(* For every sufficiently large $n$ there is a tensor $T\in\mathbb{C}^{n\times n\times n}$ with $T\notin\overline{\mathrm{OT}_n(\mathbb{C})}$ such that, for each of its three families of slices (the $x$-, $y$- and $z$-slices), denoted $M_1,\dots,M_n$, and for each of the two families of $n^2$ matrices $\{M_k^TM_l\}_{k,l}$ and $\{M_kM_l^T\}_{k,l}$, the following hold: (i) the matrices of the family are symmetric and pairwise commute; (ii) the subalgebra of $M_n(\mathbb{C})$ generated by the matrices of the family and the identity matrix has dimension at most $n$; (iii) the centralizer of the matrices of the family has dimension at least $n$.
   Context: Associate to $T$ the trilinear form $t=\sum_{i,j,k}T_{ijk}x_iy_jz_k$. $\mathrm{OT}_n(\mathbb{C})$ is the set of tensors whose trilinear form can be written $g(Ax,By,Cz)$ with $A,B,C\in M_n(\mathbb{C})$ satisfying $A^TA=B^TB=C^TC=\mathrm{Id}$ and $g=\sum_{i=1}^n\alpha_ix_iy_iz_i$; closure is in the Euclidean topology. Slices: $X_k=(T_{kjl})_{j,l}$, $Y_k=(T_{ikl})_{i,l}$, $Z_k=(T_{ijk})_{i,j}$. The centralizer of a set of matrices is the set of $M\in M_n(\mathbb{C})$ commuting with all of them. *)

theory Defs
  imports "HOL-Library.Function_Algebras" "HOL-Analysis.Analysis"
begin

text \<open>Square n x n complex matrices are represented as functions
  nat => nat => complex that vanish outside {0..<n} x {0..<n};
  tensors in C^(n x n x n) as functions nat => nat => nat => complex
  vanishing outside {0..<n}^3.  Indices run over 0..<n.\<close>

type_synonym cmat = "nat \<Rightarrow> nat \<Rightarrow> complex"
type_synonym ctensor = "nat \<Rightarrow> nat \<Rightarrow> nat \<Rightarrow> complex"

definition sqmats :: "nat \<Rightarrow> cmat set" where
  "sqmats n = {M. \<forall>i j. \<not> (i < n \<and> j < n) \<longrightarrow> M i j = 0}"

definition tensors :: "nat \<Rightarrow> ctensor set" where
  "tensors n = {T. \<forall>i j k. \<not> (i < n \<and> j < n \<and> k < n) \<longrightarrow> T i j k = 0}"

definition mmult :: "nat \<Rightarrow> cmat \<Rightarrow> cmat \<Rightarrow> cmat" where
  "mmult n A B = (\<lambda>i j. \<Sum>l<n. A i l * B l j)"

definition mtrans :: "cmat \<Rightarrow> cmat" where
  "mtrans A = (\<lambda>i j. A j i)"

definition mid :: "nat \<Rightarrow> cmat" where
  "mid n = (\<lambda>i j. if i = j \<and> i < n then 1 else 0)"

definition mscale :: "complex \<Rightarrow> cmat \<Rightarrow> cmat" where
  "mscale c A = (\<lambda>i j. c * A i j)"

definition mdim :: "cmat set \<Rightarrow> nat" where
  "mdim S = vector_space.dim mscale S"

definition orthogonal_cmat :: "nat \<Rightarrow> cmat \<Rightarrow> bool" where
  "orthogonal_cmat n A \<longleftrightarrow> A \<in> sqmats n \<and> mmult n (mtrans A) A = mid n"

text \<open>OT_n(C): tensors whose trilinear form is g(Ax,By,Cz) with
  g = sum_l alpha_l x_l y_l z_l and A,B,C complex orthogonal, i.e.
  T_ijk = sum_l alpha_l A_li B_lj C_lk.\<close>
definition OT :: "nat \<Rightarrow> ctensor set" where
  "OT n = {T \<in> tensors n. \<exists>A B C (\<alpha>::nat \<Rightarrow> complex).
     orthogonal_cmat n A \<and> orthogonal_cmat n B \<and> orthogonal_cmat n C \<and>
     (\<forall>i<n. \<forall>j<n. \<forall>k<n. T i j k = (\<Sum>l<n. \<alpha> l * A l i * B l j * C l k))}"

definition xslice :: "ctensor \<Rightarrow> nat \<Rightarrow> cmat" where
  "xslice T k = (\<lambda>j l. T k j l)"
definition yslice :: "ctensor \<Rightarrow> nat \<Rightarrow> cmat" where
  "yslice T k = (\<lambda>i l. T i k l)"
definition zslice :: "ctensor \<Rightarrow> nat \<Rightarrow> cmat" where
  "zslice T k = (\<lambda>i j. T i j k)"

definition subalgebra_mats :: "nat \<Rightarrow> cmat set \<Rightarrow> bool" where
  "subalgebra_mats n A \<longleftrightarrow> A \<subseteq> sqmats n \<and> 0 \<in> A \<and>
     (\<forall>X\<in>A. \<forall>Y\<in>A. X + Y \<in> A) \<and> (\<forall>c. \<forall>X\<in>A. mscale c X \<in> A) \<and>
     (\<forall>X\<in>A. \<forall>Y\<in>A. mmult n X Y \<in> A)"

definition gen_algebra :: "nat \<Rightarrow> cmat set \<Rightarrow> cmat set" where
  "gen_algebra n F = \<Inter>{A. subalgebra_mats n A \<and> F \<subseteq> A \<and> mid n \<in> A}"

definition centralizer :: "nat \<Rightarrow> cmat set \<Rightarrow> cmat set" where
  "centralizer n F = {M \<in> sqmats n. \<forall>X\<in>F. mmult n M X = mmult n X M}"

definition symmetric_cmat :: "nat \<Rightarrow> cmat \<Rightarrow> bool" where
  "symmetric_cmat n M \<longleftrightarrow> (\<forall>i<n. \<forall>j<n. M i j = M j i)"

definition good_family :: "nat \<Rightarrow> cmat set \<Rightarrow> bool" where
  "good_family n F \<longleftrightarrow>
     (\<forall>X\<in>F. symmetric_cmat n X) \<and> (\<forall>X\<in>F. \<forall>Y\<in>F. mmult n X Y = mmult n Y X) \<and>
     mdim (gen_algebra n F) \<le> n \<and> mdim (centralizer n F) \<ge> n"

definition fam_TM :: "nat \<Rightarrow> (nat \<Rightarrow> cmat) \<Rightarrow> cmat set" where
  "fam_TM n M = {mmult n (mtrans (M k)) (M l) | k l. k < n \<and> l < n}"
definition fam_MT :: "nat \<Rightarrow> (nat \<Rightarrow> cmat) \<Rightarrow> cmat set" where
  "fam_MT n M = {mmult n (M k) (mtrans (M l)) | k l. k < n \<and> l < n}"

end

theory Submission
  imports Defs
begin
--
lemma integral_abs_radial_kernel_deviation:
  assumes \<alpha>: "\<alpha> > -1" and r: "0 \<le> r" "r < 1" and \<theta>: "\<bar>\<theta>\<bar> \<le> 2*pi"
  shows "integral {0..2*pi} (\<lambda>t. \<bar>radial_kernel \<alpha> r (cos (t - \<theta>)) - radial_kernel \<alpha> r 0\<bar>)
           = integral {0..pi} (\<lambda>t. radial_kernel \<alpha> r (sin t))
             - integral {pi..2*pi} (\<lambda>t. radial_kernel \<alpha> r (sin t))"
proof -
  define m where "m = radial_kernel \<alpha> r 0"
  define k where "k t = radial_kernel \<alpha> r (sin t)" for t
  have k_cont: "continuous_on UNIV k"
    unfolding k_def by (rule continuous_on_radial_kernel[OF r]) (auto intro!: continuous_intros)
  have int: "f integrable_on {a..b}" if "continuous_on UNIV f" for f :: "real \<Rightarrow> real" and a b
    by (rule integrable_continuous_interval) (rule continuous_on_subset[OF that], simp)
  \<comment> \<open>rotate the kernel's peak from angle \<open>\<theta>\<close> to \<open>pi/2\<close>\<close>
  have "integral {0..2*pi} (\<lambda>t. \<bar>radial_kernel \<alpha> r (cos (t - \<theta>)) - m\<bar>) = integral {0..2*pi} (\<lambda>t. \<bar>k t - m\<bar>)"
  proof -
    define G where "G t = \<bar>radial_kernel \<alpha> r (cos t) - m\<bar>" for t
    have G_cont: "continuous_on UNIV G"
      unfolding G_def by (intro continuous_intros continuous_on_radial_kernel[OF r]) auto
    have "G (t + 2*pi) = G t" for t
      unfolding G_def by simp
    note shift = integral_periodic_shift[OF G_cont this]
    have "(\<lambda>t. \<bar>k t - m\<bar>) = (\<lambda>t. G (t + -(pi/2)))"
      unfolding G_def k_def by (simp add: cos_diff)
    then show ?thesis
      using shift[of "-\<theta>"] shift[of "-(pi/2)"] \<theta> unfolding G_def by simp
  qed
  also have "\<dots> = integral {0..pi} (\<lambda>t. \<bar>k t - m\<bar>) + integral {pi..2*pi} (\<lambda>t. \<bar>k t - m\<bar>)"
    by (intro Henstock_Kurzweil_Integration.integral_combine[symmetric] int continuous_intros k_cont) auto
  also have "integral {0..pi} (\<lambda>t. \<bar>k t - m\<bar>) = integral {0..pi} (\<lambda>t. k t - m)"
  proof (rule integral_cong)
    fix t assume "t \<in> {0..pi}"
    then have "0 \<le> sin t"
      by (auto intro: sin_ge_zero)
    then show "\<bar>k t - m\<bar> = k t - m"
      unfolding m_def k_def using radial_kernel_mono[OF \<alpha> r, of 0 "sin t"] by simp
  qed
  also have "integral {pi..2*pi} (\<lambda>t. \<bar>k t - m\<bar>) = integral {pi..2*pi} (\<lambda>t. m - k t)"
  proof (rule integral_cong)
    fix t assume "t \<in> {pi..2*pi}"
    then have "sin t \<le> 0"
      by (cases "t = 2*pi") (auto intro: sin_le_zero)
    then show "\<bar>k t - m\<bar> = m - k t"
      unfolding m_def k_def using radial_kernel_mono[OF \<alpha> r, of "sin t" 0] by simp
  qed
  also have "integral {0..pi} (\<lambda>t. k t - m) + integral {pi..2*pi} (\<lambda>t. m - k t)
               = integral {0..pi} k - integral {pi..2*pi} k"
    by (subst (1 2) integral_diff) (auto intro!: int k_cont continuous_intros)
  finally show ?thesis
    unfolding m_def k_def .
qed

- WORK REQUEST -
Your task is to say how many lines in the entries above contain the word "define". Please write only the number.

- YOUR RESPONSE -
3